(Stored data)
(* Let $\Gamma$ be an imprimitive geodesic-transitive graph. If $\Gamma$ is bipartite, then each halved graph of $\Gamma$ is geodesic-transitive. If $\Gamma$ is antipodal, then its folded graph is geodesic-transitive.
   Context: All graphs are finite, simple, undirected, connected. A geodesic of length $\ell$ is a vertex sequence $(v_0,\dots,v_\ell)$ with consecutive vertices adjacent and $d(v_0,v_\ell)=\ell$; a graph is geodesic-transitive if its automorphism group is transitive on geodesics of each length. For a graph of diameter $d$, the distance-$i$ graph $\Gamma^{(i)}$ joins vertices at distance $i$ in $\Gamma$; $\Gamma$ is imprimitive if some $\Gamma^{(i)}$, $1\le i\le d$, is disconnected. For a connected bipartite graph of diameter $\ge2$, a halved graph is the graph induced by $\Gamma^{(2)}$ on one of the two parts. A graph of diameter $d\ge2$ is antipodal if $\Gamma^{(d)}$ is a disjoint union of cliques (i.e. being equal or at distance $d$ is an equivalence relation); its folded graph has these equivalence classes as vertices, two classes being adjacent iff some vertex of one is adjacent in $\Gamma$ to some vertex of the other. *)

theory Defs
  imports Main
begin

definition walk :: "'a set \<Rightarrow> ('a \<Rightarrow> 'a \<Rightarrow> bool) \<Rightarrow> 'a list \<Rightarrow> bool" where
  "walk V E xs \<longleftrightarrow> xs \<noteq> [] \<and> set xs \<subseteq> V \<and>
     (\<forall>i. i + 1 < length xs \<longrightarrow> E (xs ! i) (xs ! (i + 1)))"

definition connected_graph :: "'a set \<Rightarrow> ('a \<Rightarrow> 'a \<Rightarrow> bool) \<Rightarrow> bool" where
  "connected_graph V E \<longleftrightarrow>
     (\<forall>u\<in>V. \<forall>v\<in>V. \<exists>xs. walk V E xs \<and> hd xs = u \<and> last xs = v)"

definition gdist :: "'a set \<Rightarrow> ('a \<Rightarrow> 'a \<Rightarrow> bool) \<Rightarrow> 'a \<Rightarrow> 'a \<Rightarrow> nat" where
  "gdist V E u v = (LEAST n. \<exists>xs. walk V E xs \<and> hd xs = u \<and> last xs = v \<and> length xs = n + 1)"

definition graph :: "'a set \<Rightarrow> ('a \<Rightarrow> 'a \<Rightarrow> bool) \<Rightarrow> bool" where
  "graph V E \<longleftrightarrow> finite V \<and> V \<noteq> {} \<and> (\<forall>u v. E u v \<longrightarrow> u \<in> V \<and> v \<in> V) \<and>
     (\<forall>u v. E u v \<longrightarrow> E v u) \<and> (\<forall>u. \<not> E u u) \<and> connected_graph V E"

definition geodesic :: "'a set \<Rightarrow> ('a \<Rightarrow> 'a \<Rightarrow> bool) \<Rightarrow> 'a list \<Rightarrow> bool" where
  "geodesic V E xs \<longleftrightarrow> walk V E xs \<and> gdist V E (hd xs) (last xs) = length xs - 1"

definition automorphism :: "'a set \<Rightarrow> ('a \<Rightarrow> 'a \<Rightarrow> bool) \<Rightarrow> ('a \<Rightarrow> 'a) \<Rightarrow> bool" where
  "automorphism V E \<sigma> \<longleftrightarrow> bij_betw \<sigma> V V \<and> (\<forall>u\<in>V. \<forall>v\<in>V. E u v \<longleftrightarrow> E (\<sigma> u) (\<sigma> v))"

definition geodesic_transitive :: "'a set \<Rightarrow> ('a \<Rightarrow> 'a \<Rightarrow> bool) \<Rightarrow> bool" where
  "geodesic_transitive V E \<longleftrightarrow>
     (\<forall>xs ys. geodesic V E xs \<and> geodesic V E ys \<and> length xs = length ys \<longrightarrow>
        (\<exists>\<sigma>. automorphism V E \<sigma> \<and> map \<sigma> xs = ys))"

definition diameter :: "'a set \<Rightarrow> ('a \<Rightarrow> 'a \<Rightarrow> bool) \<Rightarrow> nat" where
  "diameter V E = Max {gdist V E u v | u v. u \<in> V \<and> v \<in> V}"

definition distance_graph :: "'a set \<Rightarrow> ('a \<Rightarrow> 'a \<Rightarrow> bool) \<Rightarrow> nat \<Rightarrow> 'a \<Rightarrow> 'a \<Rightarrow> bool" where
  "distance_graph V E i u v \<longleftrightarrow> u \<in> V \<and> v \<in> V \<and> gdist V E u v = i"

definition imprimitive :: "'a set \<Rightarrow> ('a \<Rightarrow> 'a \<Rightarrow> bool) \<Rightarrow> bool" where
  "imprimitive V E \<longleftrightarrow>
     (\<exists>i. 1 \<le> i \<and> i \<le> diameter V E \<and> \<not> connected_graph V (distance_graph V E i))"

definition bipartition :: "'a set \<Rightarrow> ('a \<Rightarrow> 'a \<Rightarrow> bool) \<Rightarrow> 'a set \<Rightarrow> 'a set \<Rightarrow> bool" where
  "bipartition V E A B \<longleftrightarrow> A \<union> B = V \<and> A \<inter> B = {} \<and>
     (\<forall>u v. E u v \<longrightarrow> (u \<in> A \<and> v \<in> B) \<or> (u \<in> B \<and> v \<in> A))"

definition bipartite :: "'a set \<Rightarrow> ('a \<Rightarrow> 'a \<Rightarrow> bool) \<Rightarrow> bool" where
  "bipartite V E \<longleftrightarrow> (\<exists>A B. bipartition V E A B)"

definition halved_adj :: "'a set \<Rightarrow> ('a \<Rightarrow> 'a \<Rightarrow> bool) \<Rightarrow> 'a set \<Rightarrow> 'a \<Rightarrow> 'a \<Rightarrow> bool" where
  "halved_adj V E A u v \<longleftrightarrow> u \<in> A \<and> v \<in> A \<and> gdist V E u v = 2"

definition antipodal_rel :: "'a set \<Rightarrow> ('a \<Rightarrow> 'a \<Rightarrow> bool) \<Rightarrow> ('a \<times> 'a) set" where
  "antipodal_rel V E = {(u, v). u \<in> V \<and> v \<in> V \<and> (u = v \<or> gdist V E u v = diameter V E)}"

definition antipodal :: "'a set \<Rightarrow> ('a \<Rightarrow> 'a \<Rightarrow> bool) \<Rightarrow> bool" where
  "antipodal V E \<longleftrightarrow> 2 \<le> diameter V E \<and> equiv V (antipodal_rel V E)"

definition folded_vertices :: "'a set \<Rightarrow> ('a \<Rightarrow> 'a \<Rightarrow> bool) \<Rightarrow> 'a set set" where
  "folded_vertices V E = V // antipodal_rel V E"

definition folded_adj :: "'a set \<Rightarrow> ('a \<Rightarrow> 'a \<Rightarrow> bool) \<Rightarrow> 'a set \<Rightarrow> 'a set \<Rightarrow> bool" where
  "folded_adj V E C D \<longleftrightarrow> C \<in> folded_vertices V E \<and> D \<in> folded_vertices V E \<and>
     (\<exists>u\<in>C. \<exists>v\<in>D. E u v)"

end

theory Submission
  imports Defs
begin

text \<open>
  Geodesics of the halved graph and of the folded graph lift to geodesics of \<open>\<Gamma>\<close>. A halved
  geodesic of length \<open>l\<close> becomes a walk of length \<open>2l\<close> in \<open>\<Gamma>\<close> through the middle vertices, and it is a
  geodesic since distances within a part are exactly twice the halved distances. In an antipodal
  geodesic-transitive graph an edge leaving an antipodal class can be started at any vertex of that
  class, so walks of the folded graph lift to walks of the same length, which are geodesics
  because projecting to the folded graph does not increase distances. Given two geodesics of equal
  length in the derived graph, an automorphism of \<open>\<Gamma>\<close> mapping one lift onto the other induces the
  required automorphism: in the bipartite case it fixes the part of the first vertex and restricts
  to it, in the antipodal case it permutes the antipodal classes.
\<close>

section \<open>Walks and distance\<close>

lemma walk_Nil [simp]: "\<not> walk V E []"
  by (simp add: walk_def)

lemma walk_single [simp]: "walk V E [x] \<longleftrightarrow> x \<in> V"
  by (simp add: walk_def)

• [Required action]: The answer must be the lines from the one containing "(\<exists>u\<in>C. \<exists>v\<in>D. E" through the last line of the records, written out exactly; please include nothing more.

• [Solved problem]:
     (\<exists>u\<in>C. \<exists>v\<in>D. E u v)"

end

theory Submission
  imports Defs
begin

text \<open>
  Geodesics of the halved graph and of the folded graph lift to geodesics of \<open>\<Gamma>\<close>. A halved
  geodesic of length \<open>l\<close> becomes a walk of length \<open>2l\<close> in \<open>\<Gamma>\<close> through the middle vertices, and it is a
  geodesic since distances within a part are exactly twice the halved distances. In an antipodal
  geodesic-transitive graph an edge leaving an antipodal class can be started at any vertex of that
  class, so walks of the folded graph lift to walks of the same length, which are geodesics
  because projecting to the folded graph does not increase distances. Given two geodesics of equal
  length in the derived graph, an automorphism of \<open>\<Gamma>\<close> mapping one lift onto the other induces the
  required automorphism: in the bipartite case it fixes the part of the first vertex and restricts
  to it, in the antipodal case it permutes the antipodal classes.
\<close>

section \<open>Walks and distance\<close>

lemma walk_Nil [simp]: "\<not> walk V E []"
  by (simp add: walk_def)

lemma walk_single [simp]: "walk V E [x] \<longleftrightarrow> x \<in> V"
  by (simp add: walk_def)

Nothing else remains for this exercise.